Bringing all facets of aviation together to work for the future growth of aviation in Vermont and increase public awareness of its contributions will be the focus of the Vermont Aviation Management Association, said Guy Rouelle, the group’s leader and recently retired state aeronautics administrator, who is a pilot, planner, and aviation engineer.
With its new advocacy arm, Vermont’s aviation sector joins New Hampshire, Massachusetts, New York, and other states in the region in strengthening the industry’s voice in policy discussions and public education.
Elizabeth Deringer, a long-time colleague of Rouelle’s with a “strong business management background,” will be VAMA’s executive director, he said. A website for the organization was expected to debut around Aug. 11, according to a new Facebook page for the group.

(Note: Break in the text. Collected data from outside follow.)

text \<open>The hypothesis says that contracting \<open>\<psi> \<in> \<complex>\<^sup>D \<otimes> \<complex>\<^sup>D\<close> on its second factor against
  the vectors \<open>g\<^sub>a\<^sub>1 \<otimes> x\<close> (\<open>a\<^sub>1 < d\<^sub>1\<close>) determines \<open>x \<in> \<complex>\<^sup>d\<^sup>2\<close>. If \<open>d\<^sub>1 \<cdot> rank < d\<^sub>2\<close>, some
  nonzero \<open>x\<close> satisfies the \<open>d\<^sub>1 \<cdot> rank\<close> linear conditions making every \<open>g\<^sub>a\<^sub>1 \<otimes> x\<close> orthogonal
  to the range of the reduced matrix of \<open>\<psi>\<close>, hence annihilated by \<open>\<psi>\<close>.\<close>

lemma rank_reduced_matrix_ge:
  fixes d1 d2 :: nat and \<psi> :: "nat \<Rightarrow> complex" and g :: "nat \<Rightarrow> nat \<Rightarrow> complex"
  defines "D \<equiv> d1 * d2"
  assumes determines: "\<And>x i. (\<forall>a1<d1. \<forall>a<D. (\<Sum>b<D. \<psi> (a*D + b) * g a1 (b div d2) * x (b mod d2)) = 0)
      \<Longrightarrow> i < d2 \<Longrightarrow> x i = 0"
  shows "d2 \<le> d1 * vec_space.rank D (mat D D (\<lambda>(j,l). \<Sum>i<D. \<psi> (i*D + j) * cnj (\<psi> (i*D + l))))"
    (is "_ \<le> d1 * vec_space.rank D ?R")
proof (rule ccontr)
  define k where "k = vec_space.rank D ?R"
  assume "\<not> d2 \<le> d1 * vec_space.rank D ?R"
  then have lt: "d1 * k < d2" unfolding k_def by simp
  have "?R \<in> carrier_mat D D" by simp
  moreover have "?R $$ (i,j) = cnj (?R $$ (j,i))" if "i < D" "j < D" for i j
    using that by (simp add: cnj_sum mult.commute)
  ultimately obtain s where s: "\<And>y l. y \<in> carrier_vec D \<Longrightarrow> (\<forall>t<k. (\<Sum>j<D. cnj (s t $ j) * y $ j) = 0) \<Longrightarrow>
      l < D \<Longrightarrow> (\<Sum>j<D. ?R $$ (l,j) * y $ j) = 0"
    unfolding k_def by (rule hermitian_kernel_orthogonal_rank_vectors) blast+
  \<comment> \<open>equation \<open>r = a\<^sub>1 k + t\<close> says \<open>g\<^sub>a\<^sub>1 \<otimes> x\<close> is orthogonal to \<open>s\<^sub>t\<close> (up to conjugation)\<close>
  define f where "f r b2 = (\<Sum>j<D. if j mod d2 = b2 then s (r mod k) $ j * g (r div k) (j div d2) else 0)"
    for r b2
  obtain x where x: "\<exists>i<d2. x i \<noteq> 0" "\<And>r. r < d1*k \<Longrightarrow> (\<Sum>c<d2. f r c * x c) = 0"
    using homogeneous_system_nontrivial_solution[OF lt] by blast
  then have "d2 > 0" by auto
  have "(\<Sum>b<D. \<psi> (a*D + b) * g a1 (b div d2) * x (b mod d2)) = 0" if a1: "a1 < d1" and a: "a < D" for a1 a
  proof -
    define y where "y j = g a1 (j div d2) * x (j mod d2)" for j
    have "(\<Sum>j<D. cnj (s t $ j) * cnj (y j)) = 0" if t: "t < k" for t
    proof -
      have r: "a1 * k + t < d1 * k" "(a1 * k + t) div k = a1" "(a1 * k + t) mod k = t"
        using a1 t by (auto intro: mult_add_less)
      have "(\<Sum>c<d2. f (a1 * k + t) c * x c)
          = (\<Sum>c<d2. \<Sum>j<D. if j mod d2 = c then s t $ j * g a1 (j div d2) * x c else 0)"
        unfolding f_def r(2,3) by (simp add: sum_distrib_right if_distrib[of "\<lambda>u. u * _"] cong: if_cong)
      also have "\<dots> = (\<Sum>j<D. \<Sum>c<d2. if j mod d2 = c then s t $ j * g a1 (j div d2) * x c else 0)"
        by (rule sum.swap)
      also have "\<dots> = (\<Sum>j<D. s t $ j * y j)"
        using \<open>d2 > 0\<close> by (intro sum.cong refl) (simp add: y_def mult.assoc)
      finally have "(\<Sum>j<D. s t $ j * y j) = 0" using x(2)[OF r(1)] by simp
      then have "cnj (\<Sum>j<D. s t $ j * y j) = 0" by simp
      then show ?thesis by (simp add: cnj_sum)
    qed
    then have "(\<Sum>j<D. ?R $$ (l,j) * vec D (\<lambda>j. cnj (y j)) $ j) = 0" if "l < D" for l
      using s[of "vec D (\<lambda>j. cnj (y j))" l] that by simp
    then have "(\<Sum>j<D. (\<Sum>i<D. cnj (cnj (\<psi> (i*D + l))) * cnj (\<psi> (i*D + j))) * cnj (y j)) = 0"
      if "l < D" for l
      using that by (simp add: mult.commute)
    then have "(\<Sum>j<D. cnj (\<psi> (a*D + j)) * cnj (y j)) = 0"
      by (rule gram_kernel[where u = "\<lambda>i j. cnj (\<psi> (i*D + j))", OF _ a])
    moreover have "cnj (\<Sum>j<D. \<psi> (a*D + j) * y j) = (\<Sum>j<D. cnj (\<psi> (a*D + j)) * cnj (y j))"
      by (simp add: cnj_sum)
    ultimately have "(\<Sum>j<D. \<psi> (a*D + j) * y j) = 0" by (metis complex_cnj_zero_iff)
    then show ?thesis by (simp add: y_def mult.assoc)
  qed
  then have "x i = 0" if "i < d2" for i
    using determines[of x i] that by blast
  then show False using x(1) by blast
qed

Long-term policy priorities, such as protecting a permanently extended sales and use tax exemption for aircraft sold to businesses engaged in air commerce and parts and equipment installed on all aircraft, are planned.
Nearer term, Rouelle expressed concern that the state government position in which he served starting in 2011 has gone unfilled since he vacated the post in early June. That leaves the leadership of a 22-employee governmental unit, and the management of aviation infrastructure in the 16-airport system, which has seen $70 million in improvements in the last four years, in limbo, he said, adding that when he was named to fill the classified state job in 2011, it had been vacant for only three weeks.
Ten of the state’s public-use airports have been state-owned since 1978; the others are privately owned, he said.
AOPA “actively engages with and supports aviation advocacy associations all across the country, particularly across the Northeast where competition at airports for increased aviation business is fierce due to the relatively small states, differing levels of taxation, and proximity of airports in neighboring states,” said Sean Collins, AOPA’s Eastern Region manager.
“AOPA members in Vermont should support this new local organization. It will serve to benefit them as pilots,” he said.